Новые день и ночь не принесли облегчения. Все повторилось: шатер, оазис, белый песок и черная злость на утро. Верона винила Шаха, ожидая от него исчерпывающих комментариев и оправданий, но тот только посыпал ведьму завуалированными оскорблениями, отнекивался и в конце концов уходил в свою комнату, избегая общаться и даже смотреть на Верону. Внезапно джинн стал не просто знакомым, а бесконечно раздражающим элементом, отношение к которому не меняло своего отрицательного заряда с течением времени. Возможно, притирка? Слишком много провели вместе? Ведьме было сложно ответить на этот вопрос: никогда и ни с кем в одной квартире она так долго не жила. В безысходности Верона погрязла в книгах и старых записях родни, выискивая лекарство от преследовавшей ее напасти. Делала обереги, писала краской прямо на обоях новые вязи, но со следующей ночью только глубже погрязла в чужой фантазии. Еще Оксана со своими влажными вздохами давила Веронино потаенное чувство.

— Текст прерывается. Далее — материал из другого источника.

lemma commuting_nf_elt_negative:
  assumes XY: "X \<noteq> A" "Y \<noteq> A" "X \<noteq> Y"
    and L: "reduced p q L" "L \<noteq> []" "\<not> fst (snd (hd L))"
    and comm: "nf_elt (k, L) \<cdot> hxy X Y i = hxy X Y i \<cdot> nf_elt (k, L)"
  shows "\<exists>n::nat. nf_elt (k, L) = ginv (hxy X Y i) [^]\<^bsub>GG\<^esub> n"
proof -
  let ?C = "h_inv_syllables X Y i"
  have comm': "ginv (hxy X Y i) \<cdot> nf_elt (k, L) = nf_elt (k, L) \<cdot> ginv (hxy X Y i)"
  proof -
    have "ginv (hxy X Y i) \<cdot> nf_elt (k, L)
        = ginv (hxy X Y i) \<cdot> (nf_elt (k, L) \<cdot> hxy X Y i) \<cdot> ginv (hxy X Y i)"
      by (simp add: G.m_assoc)
    then show ?thesis by (simp add: comm G.m_assoc)
  qed
  have "\<forall>x\<in>set ?C. snd x = (False, 0) \<and> fst x \<noteq> A" using XY by (auto simp: h_inv_syllables_def)
  then obtain k' D where D: "ginv (hxy X Y i) \<cdot> nf_elt (k, L) = nf_elt (k', D @ L)"
    "reduced p q (D @ L)" "map fst D = map fst ?C" "D = ?C \<longrightarrow> k = rel_exp_prod ?C * k'"
    using negative_word_mult_nf_elt[OF _ L(1)] L(3) cls_h_inv_syllables by metis
  have wA: "\<forall>l\<in>set (syllables_word ?C). fst l \<noteq> A" using XY by (auto simp: syllables_word_h_inv_syllables)
  obtain L' where L': "reduced p q L'" "nf_elt (k, L) \<cdot> ginv (hxy X Y i) = nf_elt (k, L')"
    "L' = L @ ?C \<or> length L' < length L + length (syllables_word ?C)"
    using nf_elt_mult_stable_word[OF L(1) wA, where k = k] unfolding plain_syllables_h_inv_syllables cls_h_inv_syllables .
  have eq: "(k, L') = (k', D @ L)"
    using nf_elt_inj[of "(k, L')" "(k', D @ L)"] L'(1,2) D(1,2) comm' by simp
  have lD: "length D = length ?C" using D(3) by (metis length_map)
  then have c: "D @ L = L @ ?C" using L'(3) eq by (auto simp: syllables_word_h_inv_syllables)
  have "D \<noteq> []" using lD by auto
  then obtain n where n: "L = concat (replicate n D)" and nD: "0 < n \<longrightarrow> D = ?C"
    using append_commute_unbordered[OF c lD] h_inv_syllables_unbordered[OF _ _ XY(3) D(3)] lD
    by auto
  have "n > 0" using n L(2) by (cases n) auto
  then have DC: "D = ?C" using nD by simp
  have "rel_exp_prod ?C > 1" by (rule rel_exp_prod_gt1) (simp add: h_inv_syllables_def)
  moreover have "k = rel_exp_prod ?C * k" using D(4) DC eq by simp
  ultimately have "k = 0" by (metis mult_cancel_right1 order_less_irrefl)
  then have "nf_elt (k, L) = ginv (hxy X Y i) [^]\<^bsub>GG\<^esub> n"
    using n DC by (simp add: nf_elt_eq cls_syllables_word_power cls_h_inv_syllables)
  then show ?thesis ..
qed

lemma centraliser_hxy:
  assumes "X \<noteq> A" "Y \<noteq> A" "X \<noteq> Y" "g \<in> carrier GG" "g \<cdot> hxy X Y i = hxy X Y i \<cdot> g"
  shows "\<exists>n::int. g = hxy X Y i [^]\<^bsub>GG\<^esub> n"
proof -
  obtain k L where L: "reduced p q L" and g: "g = nf_elt (k, L)"
    using nf_elt_exists[OF assms(4)] by (metis prod.collapse)
  show ?thesis
  proof (cases "L = [] \<or> fst (snd (hd L))")
    case True
    then show ?thesis
      using commuting_nf_elt_positive[OF assms(1-3) L True] assms(5) g by (metis int_pow_int)
  next
    case False
    then obtain n :: nat where "g = ginv (hxy X Y i) [^]\<^bsub>GG\<^esub> n"
      using commuting_nf_elt_negative[OF assms(1-3) L] assms(5) g by blast
    then have "g = hxy X Y i [^]\<^bsub>GG\<^esub> (- int n)"
      by (simp add: G.int_pow_neg_int G.nat_pow_inv)
    then show ?thesis by blast
  qed
qed

end

section \<open>Positive powers of \<open>X Y\<^sup>i\<close>\<close>

lemma concat_replicate_rotate:
  "[a] @ concat (replicate n (B @ [a])) = concat (replicate n ([a] @ B)) @ [a]"
  by (induction n) auto

lemma mon_gen_subset_carrier:
  fixes G (structure)
  assumes "monoid G" "X \<subseteq> carrier G"
  shows "mon_gen G X \<subseteq> carrier G"
proof
  fix x assume "x \<in> mon_gen G X"
  then show "x \<in> carrier G"
    using assms by (induction rule: mon_gen.induct) (auto intro: monoid.m_closed monoid.one_closed)
qed

lemma mon_gen_singleton:
  fixes G (structure)
  assumes "monoid G" "c \<in> carrier G"
  shows "mon_gen G {c} = range (\<lambda>n::nat. c [^] n)"
proof
  interpret monoid G by fact
  show "mon_gen G {c} \<subseteq> range (\<lambda>n::nat. c [^] n)"
  proof
    fix x assume "x \<in> mon_gen G {c}"
    then show "x \<in> range (\<lambda>n::nat. c [^] n)"
    proof (induction rule: mon_gen.induct)
      case one
      show ?case by (rule range_eqI[of _ _ 0]) simp
    next
      case (gen x)
      then show ?case using assms(2) by (intro range_eqI[of _ _ 1]) simp
    next
      case (mult x y)
      then obtain a b :: nat where "x = c [^] a" "y = c [^] b" by auto
      then show ?case using assms(2) by (intro range_eqI[of _ _ "a + b"]) (simp add: nat_pow_mult)
    qed
  qed
  show "range (\<lambda>n::nat. c [^] n) \<subseteq> mon_gen G {c}"
  proof clarify
    fix n :: nat
    show "c [^] n \<in> mon_gen G {c}"
      by (induction n) (auto intro: mon_gen.intros)
  qed
qed

context bs_pair
begin

definition a_conj :: "word set \<Rightarrow> word set" where
  "a_conj g = g \<cdot> aa \<cdot> ginv g"

lemma a_conj_mult:
  "x \<in> carrier GG \<Longrightarrow> y \<in> carrier GG \<Longrightarrow> a_conj (x \<cdot> y) = x \<cdot> a_conj y \<cdot> ginv x"
  by (simp add: a_conj_def G.m_assoc G.inv_mult_group)

lemma conj_pow_iterate:
  assumes "c \<in> carrier GG" and "\<And>k::int. c \<cdot> aa [^]\<^bsub>GG\<^esub> k \<cdot> ginv c = aa [^]\<^bsub>GG\<^esub> (w * k)"
  shows "c [^]\<^bsub>GG\<^esub> (n::nat) \<cdot> aa [^]\<^bsub>GG\<^esub> (k::int) \<cdot> ginv (c [^]\<^bsub>GG\<^esub> n) = aa [^]\<^bsub>GG\<^esub> (w ^ n * k)"
proof (induction n arbitrary: k)
  case (Suc n)
  have "c [^]\<^bsub>GG\<^esub> Suc n \<cdot> aa [^]\<^bsub>GG\<^esub> k \<cdot> ginv (c [^]\<^bsub>GG\<^esub> Suc n)
      = c [^]\<^bsub>GG\<^esub> n \<cdot> (c \<cdot> aa [^]\<^bsub>GG\<^esub> k \<cdot> ginv c) \<cdot> ginv (c [^]\<^bsub>GG\<^esub> n)"
    using assms(1) by (simp add: G.m_assoc G.inv_mult_group)
  also have "\<dots> = aa [^]\<^bsub>GG\<^esub> (w ^ n * (w * k))" by (simp add: assms(2) Suc)
  finally show ?case by (simp add: mult_ac)
qed simp

lemma a_conj_hxy_pow:
  assumes "X \<noteq> A" "Y \<noteq> A"
  shows "a_conj (hxy X Y i [^]\<^bsub>GG\<^esub> (n::nat)) = aa [^]\<^bsub>GG\<^esub> ((rel_exp p q X * rel_exp p q Y ^ i) ^ n)"
proof -
  have Y: "gZ Y [^]\<^bsub>GG\<^esub> i \<cdot> aa [^]\<^bsub>GG\<^esub> (k::int) \<cdot> ginv (gZ Y [^]\<^bsub>GG\<^esub> i)
      = aa [^]\<^bsub>GG\<^esub> (rel_exp p q Y ^ i * k)" for k
    by (rule conj_pow_iterate) (simp_all add: stable_conj_a_pow[OF assms(2)])
  have "hxy X Y i \<cdot> aa [^]\<^bsub>GG\<^esub> (k::int) \<cdot> ginv (hxy X Y i)
      = aa [^]\<^bsub>GG\<^esub> (rel_exp p q X * rel_exp p q Y ^ i * k)" for k
  proof -
    have "hxy X Y i \<cdot> aa [^]\<^bsub>GG\<^esub> k \<cdot> ginv (hxy X Y i)
        = gZ X \<cdot> (gZ Y [^]\<^bsub>GG\<^esub> i \<cdot> aa [^]\<^bsub>GG\<^esub> k \<cdot> ginv (gZ Y [^]\<^bsub>GG\<^esub> i)) \<cdot> ginv (gZ X)"
      by (simp add: hxy_def G.m_assoc G.inv_mult_group)
    then show ?thesis by (simp add: Y stable_conj_a_pow[OF assms(1)] mult.assoc)
  qed
  from conj_pow_iterate[OF hxy_in_carrier this, of n 1] show ?thesis
    by (simp add: a_conj_def)
qed
(* Let $J$ be a finite set and $F:\{0,1\}^J\to\mathbb{Q}_{\ge0}$. Then $F$ is windable if and only if $F_\oplus$ is even-windable.
   Context: For $x,y\in\{0,1\}^I$, $x\oplus y$ is coordinatewise addition mod 2, and $\mathbf S$ is the characteristic vector of $S\subseteq I$. $1+J$ denotes the disjoint union of $\{1\}$ and $J$, with elements of $\{0,1\}^{1+J}$ written $(p;x)$, $p\in\{0,1\}$, $x\in\{0,1\}^J$. Define $F_\oplus:\{0,1\}^{1+J}\to\mathbb{Q}_{\ge0}$ by $F_\oplus(p;x)=F(x)$ if $p+\sum_{i\in J}x_i$ is even and $0$ otherwise. For $z\in\{0,1\}^I$, $\mathrm{Match}(z)$ is the set of partitions of $\{i:z_i=1\}$ into pairs, and $\mathrm{Match}'(z)$ the set of partitions of $\{i:z_i=1\}$ into blocks of size 1 or 2. $G:\{0,1\}^I\to\mathbb{Q}_{\ge0}$ is even-windable if there exist $B(x,y,M)\ge0$ for all $x,y\in\{0,1\}^I$, $M\in\mathrm{Match}(x\oplus y)$, with $G(x)G(y)=\sum_{M\in\mathrm{Match}(x\oplus y)}B(x,y,M)$ for all $x,y$, and $B(x,y,M)=B(x\oplus\mathbf S,y\oplus\mathbf S,M)$ for all $x,y$ and all $S\in M\in\mathrm{Match}(x\oplus y)$. $G$ is windable if the same holds with $\mathrm{Match}$ replaced everywhere by $\mathrm{Match}'$. *)

theory Defs
  imports Complex_Main "HOL-Library.Disjoint_Sets"
begin
(* Let $\mathcal{P}=(\mathcal{R},\mathcal{F},\mathcal{D},\mathcal{B})$ be a ground Capacity Logic Program. If $K_1$ and $K_2$ are pairwise incompatible sets of capacity composite choices for $\mathcal{P}$ that are equivalent ($\omega_{K_1}=\omega_{K_2}$), then $\xi_c(K_1)=\xi_c(K_2)$.
   Context: All sets are finite; there are no function symbols. Belief domains: a belief domain $D$ has a finite nonempty frame of discernment $X_D$ and a mass function $\mathit{mass}(D,\cdot):\mathbb{P}(X_D)\to\mathbb{R}$ with $\mathit{mass}(D,\emptyset)=0$, $\mathit{mass}(D,A)\ge 0$, $\sum_{A\subseteq X_D}\mathit{mass}(D,A)=1$. For $A\subseteq X_D$: $\mathit{Belief}(D,A)=\sum_{B\subseteq A}\mathit{mass}(D,B)$, $\mathit{Plaus}(D,A)=1-\mathit{Belief}(D,X_D\setminus A)$. Capacity Logic Program (CaLP): a tuple $\mathcal{P}=(\mathcal{R},\mathcal{F},\mathcal{D},\mathcal{B})$ where $\mathcal{R}$ is a finite set of ground rules, $\mathcal{F}$ a finite set of ground probabilistic facts $p::f$ ($p\in[0,1]$, $f$ a ground atom), $\mathcal{D}$ a finite set of belief domains, and $\mathcal{B}$ the set of all ground belief facts $\mathit{belief}(D,B)$ with $D\in\mathcal{D}$, $B\subseteq X_D$. We write $\mathit{belief}(D,\neg B)$ for $\mathit{belief}(D,X_D\setminus B)$. Canonicalization: for a set $Bel$ of belief facts, $\mathrm{canon}(Bel)=\{\mathit{belief}(D,\bigcap_{\mathit{belief}(D,B_i)\in Bel}B_i)\mid D \text{ a domain occurring in } Bel\}$; $Bel$ is consistent if $\mathrm{canon}(Bel)$ contains no fact with event $\emptyset$. Belief worlds: a belief world is $w=(\mathcal{R},\mathcal{F}',\mathcal{D},\mathcal{B}')$ with $\mathcal{F}'\subseteq\mathcal{F}$ and $\mathcal{B}'\subseteq\mathcal{B}$ consistent, canonical, and containing exactly one belief fact for every domain in $\mathcal{D}$. $W^{\mathcal{D}}_{\mathcal{P}}$ is the set of belief worlds. Capacity atomic choices: either an atomic Bayesian choice $(f,k)$ with $p::f\in\mathcal{F}$ and $k\in\{0,1\}$, or an atomic belief choice $\mathit{belief}(D,B)$ with $D\in\mathcal{D}$, $B\subseteq X_D$. For a set $\kappa$ of atomic choices, $Bay(\kappa)$ is its set of Bayesian choices and $Bel(\kappa)$ its set of belief choices. $\kappa$ is consistent if $Bay(\kappa)$ contains no pair $(f,0),(f,1)$ and $Bel(\kappa)$ is consistent. A capacity composite choice is a consistent set of capacity atomic choices. Compatible worlds: for a capacity composite choice $\kappa$, $\omega_\kappa$ is the set of belief worlds $(\mathcal{R},\mathcal{F}',\mathcal{D},\mathcal{B}')$ such that $f\in\mathcal{F}'$ for every $(f,1)\in\kappa$, $f\notin\mathcal{F}'$ for every $(f,0)\in\kappa$, and $\mathrm{canon}(Bel(\kappa))\subseteq\mathcal{B}'$. For a set $K$, $\omega_K=\bigcup_{\kappa\in K}\omega_\kappa$. $K_1,K_2$ are equivalent if $\omega_{K_1}=\omega_{K_2}$. Two capacity composite choices are incompatible if their union is not consistent; $K$ is pairwise incompatible if any two distinct elements are incompatible. Interval arithmetic: $[a,b]\,\widehat{\times}\,[c,d]=[ac,bd]$, $[a,b]\,\widehat{+}\,[c,d]=[a+c,b+d]$ (nonnegative intervals), with iterated versions $\widehat{\prod},\widehat{\sum}$. Capacity of capacity composite choices: $\rho_c(\kappa)=\prod_{(f,1)\in\kappa}p_f\prod_{(f,0)\in\kappa}(1-p_f)$, where $p_f$ is the probability of $f$ in $\mathcal{F}$. Then $\rho^{Comp}_{\mathcal{B}}(\kappa)=[\rho_c(\kappa),\rho_c(\kappa)]\ \widehat{\times}\ \widehat{\prod}_{\mathit{belief}(D,E)\in\mathrm{canon}(Bel(\kappa))}[\mathit{Belief}(D,E),\mathit{Plaus}(D,E)]$, and for a pairwise incompatible set $K$, $\xi_c(K)=\widehat{\sum}_{\kappa\in K}\rho^{Comp}_{\mathcal{B}}(\kappa)$. *)

theory Defs
  imports Complex_Main
begin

«Ах, если бы Шах твой на меня посмотрел…» — мурлыкала женщина в телефонную трубку, и Верона сразу спешила закончить разговор и поскорее умыться. Кровь приливала к лицу, и со злости так отчаянно хотелось разорвать тонкую ниточку, протянувшуюся между двумя совершенно разными людьми.
Вечером Верона узнала, что Шах «пойдет развеяться».
— Познакомился с девушкой, — буркнул он, уже стоя в прихожей, одетый и надушенный.
«Славно, катись», — сердито подумала ведьма и пожалела, что не вручила холеному кавалеру в дорогу выбросить мусор, но быстро остыла. Вот теперь-то точно ничего эксцентричного не случится. Верона сможет расслабиться дома одна, зажечь свечи, пообщаться со своими любимцами, посмотреть кино. Отдохнуть. Не чувствовать назойливой щекотки под кожей от очередного смешливого черного взгляда. Забыть про джинна хоть на время, отдавшись приятным девичьим слабостям. И даже спокойно уснуть, не закрывая на щеколду чертову дверь.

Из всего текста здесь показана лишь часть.